Hejterska akcja w sieci. Służbowe dokumenty, które mają zniesławić lub upokorzyć polskich sędziów, od trzech miesięcy są zamieszczane na Twitterze. Konto @KastaWatch prowadzi osoba, która ma dostęp albo do akt personalnych w sądach w całej Polsce, albo w Krajowej Radzie Sądownictwa i Ministerstwie Sprawiedliwości
Konto @KastaWatch wpuszcza do sieci dane, które uzyskuje poza oficjalnym dostępem do informacji. Oznacza to, że ktoś nielegalnie ujawnia służbowe dokumenty - za takie działanie urzędnikom grozi odpowiedzialność dyscyplinarna.
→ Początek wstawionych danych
(* Suppose $(X,y)$ is orthogonal separable. Let $(W_1,w_2,\lambda)$ be a KKT point (B-subdifferential sense) of the non-convex max-margin problem, and suppose it contains two neurons $i_+,i_-$ with $w_{2,i_+}\ne0$, $w_{2,i_-}\ne0$ whose associated diagonal matrices $\hat D_{i_+},\hat D_{i_-}$ (as in the context) satisfy $$\hat D_{i_+}\ge\mathrm{diag}(\mathbb I(y=1)),\qquad\hat D_{i_-}\ge\mathrm{diag}(\mathbb I(y=-1)).$$ Then $\lambda$ is dual feasible, i.e. $\max_{u:\|u\|_2\le1}|\lambda^T(Xu)_+|\le1$.
   Context: Binary setting: $X\in\mathbb R^{N\times d}$ rows $x_n$, $y\in\{\pm1\}^N$, $Y=\mathrm{diag}(y)$. $(X,y)$ is orthogonal separable if $x_n^Tx_{n'}>0$ whenever $y_n=y_{n'}$ and $x_n^Tx_{n'}\le0$ whenever $y_n\ne y_{n'}$. Non-convex max-margin problem: $\min\frac12(\|W_1\|_F^2+\|w_2\|_2^2)$ s.t. $Y(XW_1)_+w_2\ge\mathbf 1$. KKT point (B-subdifferential): $Y\lambda\ge0$, primal feasibility, $\lambda_n(y_n(x_n^TW_1)_+w_2-1)=0$, $w_2=(XW_1)_+^T\lambda$, and for each $i$, $w_{1,i}=w_{2,i}X^T\hat D_i\lambda$ where $\hat D_i$ is diagonal with $(\hat D_i)_{nn}=1$ if $x_n^Tw_{1,i}>0$, $0$ if $x_n^Tw_{1,i}<0$, $\in\{0,1\}$ if $x_n^Tw_{1,i}=0$. Matrix inequalities between diagonal matrices are entrywise; $\mathbb I(y=1)$ is the $0/1$ indicator vector. *)

theory Defs
  imports "HOL-Analysis.Analysis"
begin

text \<open>Data: samples indexed by a finite type 'n, features real^'d, neurons indexed by a
finite type 'm. x n is the n-th row of X, y n in {1,-1} the label.
The first-layer weight matrix W1 is represented by its columns w1 i :: real^'d,
the second layer by w2 :: real^'m, the dual variable by lam :: real^'n.\<close>

definition relu :: "real \<Rightarrow> real" where
  "relu t = max t 0"

definition labels :: "('n \<Rightarrow> real) \<Rightarrow> bool" where
  "labels y \<longleftrightarrow> (\<forall>n. y n = 1 \<or> y n = -1)"

definition orth_separable :: "('n \<Rightarrow> real^'d) \<Rightarrow> ('n \<Rightarrow> real) \<Rightarrow> bool" where
  "orth_separable x y \<longleftrightarrow>
     (\<forall>n n'. y n = y n' \<longrightarrow> x n \<bullet> x n' > 0) \<and>
     (\<forall>n n'. y n \<noteq> y n' \<longrightarrow> x n \<bullet> x n' \<le> 0)"

definition net_out :: "('n \<Rightarrow> real^'d) \<Rightarrow> ('m::finite \<Rightarrow> real^'d) \<Rightarrow> real^'m \<Rightarrow> 'n \<Rightarrow> real" where
  "net_out x w1 w2 n = (\<Sum>i\<in>UNIV. relu (x n \<bullet> w1 i) * w2 $ i)"

text \<open>D i is the diagonal of the matrix \<open>\<hat>D_i\<close> (as a function 'n => real).\<close>
definition admissible_D :: "('n \<Rightarrow> real^'d) \<Rightarrow> (real^'d) \<Rightarrow> ('n \<Rightarrow> real) \<Rightarrow> bool" where
  "admissible_D x w Dd \<longleftrightarrow>
     (\<forall>n. (x n \<bullet> w > 0 \<longrightarrow> Dd n = 1) \<and> (x n \<bullet> w < 0 \<longrightarrow> Dd n = 0) \<and>
          (x n \<bullet> w = 0 \<longrightarrow> Dd n = 0 \<or> Dd n = 1))"

definition kkt_point ::
  "('n::finite \<Rightarrow> real^'d) \<Rightarrow> ('n \<Rightarrow> real) \<Rightarrow> ('m::finite \<Rightarrow> real^'d) \<Rightarrow> real^'m \<Rightarrow> real^'n
     \<Rightarrow> ('m \<Rightarrow> 'n \<Rightarrow> real) \<Rightarrow> bool" where
  "kkt_point x y w1 w2 lam D \<longleftrightarrow>
     (\<forall>n. y n * lam $ n \<ge> 0) \<and>
     (\<forall>n. y n * net_out x w1 w2 n \<ge> 1) \<and>
     (\<forall>n. lam $ n * (y n * net_out x w1 w2 n - 1) = 0) \<and>
     (\<forall>i. w2 $ i = (\<Sum>n\<in>UNIV. lam $ n * relu (x n \<bullet> w1 i))) \<and>
     (\<forall>i. admissible_D x (w1 i) (D i)) \<and>
     (\<forall>i. w1 i = w2 $ i *\<^sub>R (\<Sum>n\<in>UNIV. (D i n * lam $ n) *\<^sub>R x n))"

definition dual_feasible :: "('n::finite \<Rightarrow> real^'d) \<Rightarrow> real^'n \<Rightarrow> bool" where
  "dual_feasible x lam \<longleftrightarrow>
     (\<forall>u::real^'d. norm u \<le> 1 \<longrightarrow> \<bar>\<Sum>n\<in>UNIV. lam $ n * relu (x n \<bullet> u)\<bar> \<le> 1)"

end

theory Submission
  imports Defs
begin

text \<open>Fix a class \<open>C\<close> (the samples with label \<open>s\<close>), put \<open>\<mu> = s \<lambda>\<close>, which is nonnegative on
\<open>C\<close> and nonpositive off \<open>C\<close>, and \<open>a = \<Sum>\<^sub>n\<^sub>\<in>\<^sub>C \<mu>\<^sub>n x\<^sub>n\<close>. Since all inner products within
\<open>C\<close> are nonnegative, \<open>\<Sum>\<^sub>n\<^sub>\<in>\<^sub>C \<mu>\<^sub>n (x\<^sub>n\<^sup>T u)\<^sub>+\<close> is the inner product of \<open>u\<close> with a partial sum of
\<open>a\<close>, whose norm is at most \<open>\<parallel>a\<parallel>\<close>; so dual feasibility follows from \<open>\<parallel>a\<parallel> \<le> 1\<close> for both classes.
The neuron whose \<open>\<hat>D\<close> covers \<open>C\<close> gives this bound: its weight is \<open>c v\<close> with
\<open>v = \<Sum>\<^sub>n \<hat>D\<^sub>n \<mu>\<^sub>n x\<^sub>n\<close>, orthogonal separability makes \<open>x\<^sub>n\<^sup>T v\<close> nonnegative exactly on \<open>C\<close>, whence
\<open>\<parallel>a\<parallel>\<^sup>2 \<le> a\<^sup>T v\<close>; the stationarity condition \<open>c = \<Sum>\<^sub>n \<mu>\<^sub>n (x\<^sub>n\<^sup>T c v)\<^sub>+\<close> forces \<open>a\<^sup>T v = 1\<close> if
\<open>c > 0\<close>, and \<open>a\<^sup>T v = 0\<close> if \<open>c < 0\<close> because then \<open>\<hat>D = 1\<close> on \<open>C\<close> forces \<open>x\<^sub>n\<^sup>T v = 0\<close> there.\<close>

definition orth_split :: "('n \<Rightarrow> 'v::real_inner) \<Rightarrow> 'n set \<Rightarrow> bool" where
  "orth_split x C \<longleftrightarrow>
     (\<forall>m n. (m \<in> C \<longleftrightarrow> n \<in> C) \<longrightarrow> 0 \<le> x m \<bullet> x n) \<and>
     (\<forall>m n. (m \<in> C \<longleftrightarrow> n \<notin> C) \<longrightarrow> x m \<bullet> x n \<le> 0)"

lemma orth_separable_imp_orth_split:
  assumes "labels y" and "orth_separable x y" and "s = 1 \<or> s = -1"
  shows "orth_split x {n. y n = s}"
  using assms unfolding labels_def orth_separable_def orth_split_def
  by (smt (verit, best) mem_Collect_eq)

lemma inner_sum_sum_nonneg:
  fixes x :: "'a \<Rightarrow> 'v::real_inner"
  assumes "\<And>i j. i \<in> B \<Longrightarrow> j \<in> C \<Longrightarrow> 0 \<le> f i * g j * (x i \<bullet> x j)"
  shows "0 \<le> (\<Sum>i\<in>B. f i *\<^sub>R x i) \<bullet> (\<Sum>j\<in>C. g j *\<^sub>R x j)"
  unfolding inner_sum_left inner_sum_right
  using assms by (auto intro!: sum_nonneg simp: mult_ac)

lemma norm_sum_le_norm_sum_superset:
  fixes x :: "'a \<Rightarrow> 'v::real_inner"
  assumes "finite C" and "B \<subseteq> C" and f: "\<And>i. i \<in> C \<Longrightarrow> 0 \<le> f i"
    and x: "\<And>i j. i \<in> C \<Longrightarrow> j \<in> C \<Longrightarrow> 0 \<le> x i \<bullet> x j"
  shows "norm (\<Sum>i\<in>B. f i *\<^sub>R x i) \<le> norm (\<Sum>i\<in>C. f i *\<^sub>R x i)"
proof -
  let ?b = "\<Sum>i\<in>B. f i *\<^sub>R x i" and ?r = "\<Sum>i\<in>C - B. f i *\<^sub>R x i"
  have sum_C: "(\<Sum>i\<in>C. f i *\<^sub>R x i) = ?b + ?r"
    using sum.subset_diff[OF assms(2,1)] by (simp add: add.commute)
  have "0 \<le> ?b \<bullet> ?r"
    by (rule inner_sum_sum_nonneg) (use assms(2) f x in auto)
  then have "?b \<bullet> ?b \<le> (?b + ?r) \<bullet> (?b + ?r)"
    by (simp add: inner_add_left inner_add_right inner_commute)
  then show ?thesis
    unfolding sum_C by (simp add: norm_le)
qed

lemma sum_relu_inner_le_norm:
  fixes x :: "'a \<Rightarrow> 'v::real_inner"
  assumes "finite C" and f: "\<And>i. i \<in> C \<Longrightarrow> 0 \<le> f i"
    and x: "\<And>i j. i \<in> C \<Longrightarrow> j \<in> C \<Longrightarrow> 0 \<le> x i \<bullet> x j"
  shows "(\<Sum>n\<in>C. f n * relu (x n \<bullet> u)) \<le> norm (\<Sum>n\<in>C. f n *\<^sub>R x n) * norm u"
proof -
  define T where "T = C \<inter> {n. 0 < x n \<bullet> u}"
  have "(\<Sum>n\<in>C. f n * relu (x n \<bullet> u)) = (\<Sum>n\<in>T. f n * (x n \<bullet> u))"
    unfolding T_def sum.inter_restrict[OF \<open>finite C\<close>] by (rule sum.cong) (auto simp: relu_def)
  also have "\<dots> = (\<Sum>n\<in>T. f n *\<^sub>R x n) \<bullet> u"
    by (simp add: inner_sum_left)
  also have "\<dots> \<le> norm (\<Sum>n\<in>T. f n *\<^sub>R x n) * norm u"
    by (rule norm_cauchy_schwarz)
  also have "\<dots> \<le> norm (\<Sum>n\<in>C. f n *\<^sub>R x n) * norm u"
    by (intro mult_right_mono norm_sum_le_norm_sum_superset) (use assms in \<open>auto simp: T_def\<close>)
  finally show ?thesis .
qed

lemma sum_relu_inner_bounds:
  fixes x :: "'a \<Rightarrow> 'v::real_inner"
  assumes "finite C" and f: "\<And>i. i \<in> C \<Longrightarrow> 0 \<le> f i"
    and "\<And>i j. i \<in> C \<Longrightarrow> j \<in> C \<Longrightarrow> 0 \<le> x i \<bullet> x j"
    and "norm (\<Sum>n\<in>C. f n *\<^sub>R x n) \<le> 1" and "norm u \<le> 1"
  shows "0 \<le> (\<Sum>n\<in>C. f n * relu (x n \<bullet> u)) \<and> (\<Sum>n\<in>C. f n * relu (x n \<bullet> u)) \<le> 1"
proof
  show "0 \<le> (\<Sum>n\<in>C. f n * relu (x n \<bullet> u))"
    using f by (auto intro!: sum_nonneg simp: relu_def)
  have "norm (\<Sum>n\<in>C. f n *\<^sub>R x n) * norm u \<le> 1"
    using assms(4,5) by (simp add: mult_le_one)
  moreover have "(\<Sum>n\<in>C. f n * relu (x n \<bullet> u)) \<le> norm (\<Sum>n\<in>C. f n *\<^sub>R x n) * norm u"
    by (rule sum_relu_inner_le_norm) (use assms in auto)
  ultimately show "(\<Sum>n\<in>C. f n * relu (x n \<bullet> u)) \<le> 1" by linarith
qed

lemma admissible_D_01:
  assumes "admissible_D x w Dd"
  shows "Dd n = 0 \<or> Dd n = 1"
  using assms unfolding admissible_D_def by (metis linorder_neqE_linordered_idom)

lemma inner_sum_orth_split:
  assumes "orth_split x C"
    and g_C: "\<And>n. n \<in> C \<Longrightarrow> 0 \<le> g n" and g_not_C: "\<And>n. n \<notin> C \<Longrightarrow> g n \<le> 0"
  shows "m \<in> C \<Longrightarrow> 0 \<le> x m \<bullet> (\<Sum>n\<in>A. g n *\<^sub>R x n)"
    and "m \<notin> C \<Longrightarrow> x m \<bullet> (\<Sum>n\<in>A. g n *\<^sub>R x n) \<le> 0"
proof -
  have "m \<in> C \<Longrightarrow> 0 \<le> g n * (x m \<bullet> x n)" and "m \<notin> C \<Longrightarrow> g n * (x m \<bullet> x n) \<le> 0" for n
    using assms(1) g_C[of n] g_not_C[of n] unfolding orth_split_def
    by (cases "n \<in> C"; simp add: mult_nonpos_nonpos mult_nonneg_nonpos mult_nonpos_nonneg)+
  then show "m \<in> C \<Longrightarrow> 0 \<le> x m \<bullet> (\<Sum>n\<in>A. g n *\<^sub>R x n)"
    and "m \<notin> C \<Longrightarrow> x m \<bullet> (\<Sum>n\<in>A. g n *\<^sub>R x n) \<le> 0"
    by (simp_all add: inner_sum_right sum_nonneg sum_nonpos)
qed
(* Let $A=\sum\{A_{ij}\mid i,j\in I\}$ be a generalized matrix ring and let $D=\sum\{D_{ij}\mid i,j\in I\}$ be a gm ideal of $A$ with $D_{ij}\subseteq r_n(A_{ij})$ for all $i,j\in I$. Then every element of $D$ is von Neumann regular in $A$; in particular $D\subseteq r_n(A)$.
   Context: A generalized matrix (gm) ring: $I$ is a nonempty index set; for $i,j\in I$, $A_{ij}$ are additive groups with biadditive maps $A_{ij}\times A_{jl}\to A_{il}$, $(x,y)\mapsto xy$, which are associative ($(xy)z=x(yz)$ whenever defined). $A$ is the external direct sum of the $A_{ij}$ (finitely many nonzero entries) with multiplication $(xy)_{ij}=\sum_k x_{ik}y_{kj}$. A gm ideal is an ideal $B$ of $A$ of the form $B=\sum\{B_{ij}\}$ with $B_{ij}\subseteq A_{ij}$. Each $A_{ij}$ is regarded as a $\Gamma$-ring with $\Gamma=A_{ji}$ (an "$A_{ji}$-ring"): an ideal of it is an additive subgroup $B\subseteq A_{ij}$ with $A_{ij}A_{ji}B\subseteq B$ and $BA_{ji}A_{ij}\subseteq B$; an element $x\in A_{ij}$ is von Neumann regular if $x=xyx$ for some $y\in A_{ji}$; $r_n(A_{ij})$ is the largest ideal of the $A_{ji}$-ring $A_{ij}$ all of whose elements are von Neumann regular. For the ring $A$, $x$ is von Neumann regular if $x=xyx$ for some $y\in A$, and $r_n(A)$ is the largest ideal of $A$ consisting of von Neumann regular elements. *)

theory Defs
  imports Main
begin

text \<open>All component groups A i j are modelled as additive subgroups of one ambient
  abelian group 'a (no loss of generality: embed them into their direct sum).
  m i j l :: A_ij \<times> A_jl \<rightarrow> A_il is the biadditive, associative multiplication.\<close>

definition add_subgroup :: "'a::ab_group_add set \<Rightarrow> bool" where
  "add_subgroup B \<longleftrightarrow> 0 \<in> B \<and> (\<forall>x\<in>B. \<forall>y\<in>B. x + y \<in> B) \<and> (\<forall>x\<in>B. - x \<in> B)"

definition gm_ring :: "'i set \<Rightarrow> ('i \<Rightarrow> 'i \<Rightarrow> 'a::ab_group_add set)
    \<Rightarrow> ('i \<Rightarrow> 'i \<Rightarrow> 'i \<Rightarrow> 'a \<Rightarrow> 'a \<Rightarrow> 'a) \<Rightarrow> bool" where
  "gm_ring I A m \<longleftrightarrow>
     I \<noteq> {} \<and>
     (\<forall>i\<in>I. \<forall>j\<in>I. add_subgroup (A i j)) \<and>
     (\<forall>i\<in>I. \<forall>j\<in>I. \<forall>l\<in>I. \<forall>x\<in>A i j. \<forall>y\<in>A j l. m i j l x y \<in> A i l) \<and>
     (\<forall>i\<in>I. \<forall>j\<in>I. \<forall>l\<in>I. \<forall>x\<in>A i j. \<forall>x'\<in>A i j. \<forall>y\<in>A j l.
        m i j l (x + x') y = m i j l x y + m i j l x' y) \<and>
     (\<forall>i\<in>I. \<forall>j\<in>I. \<forall>l\<in>I. \<forall>x\<in>A i j. \<forall>y\<in>A j l. \<forall>y'\<in>A j l.
        m i j l x (y + y') = m i j l x y + m i j l x y') \<and>
     (\<forall>i\<in>I. \<forall>j\<in>I. \<forall>k\<in>I. \<forall>l\<in>I. \<forall>x\<in>A i j. \<forall>y\<in>A j k. \<forall>z\<in>A k l.
        m i k l (m i j k x y) z = m i j l x (m j k l y z))"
Czy przeciek ma źródło w Ministerstwie Sprawiedliwości lub w Krajowej Radzie Sądownictwa?
Anonimowe konto @KastaWatch działa na Twitterze od końca listopada 2018 roku. „Dość milczenia. Czas pokazać, jak rosła kasta. I jak się ma dalej” - taki tweet pojawił się na koncie 2 grudnia. Tego samego dnia udostępniono pierwsze dokumenty, dotyczące sędziego Piotra Raczkowskiego, byłego wiceprzewodniczącego KRS, i przebiegu jego drogi zawodowej.
Od tej pory pojawiły się tam zdjęcia 19 dokumentów dotyczących kariery zawodowej sędziów, postępowań dyscyplinarnych, a nawet indywidualnej korespondencji z ministrem sprawiedliwości. Nie są one anonimizowane, podawane są nie tylko nazwiska, ale też np. dokładne daty urodzenia prawników.
@KastaWatch informuje także o planowanych działaniach rzecznika dyscyplinarnego (np. w tweecie z 27 stycznia, na temat sędziego Grzegorza Wójtowicza), zapowiada ujawnienie kolejnych niedostępnych powszechnie informacji, grozi sędziom i regularnie ich obraża.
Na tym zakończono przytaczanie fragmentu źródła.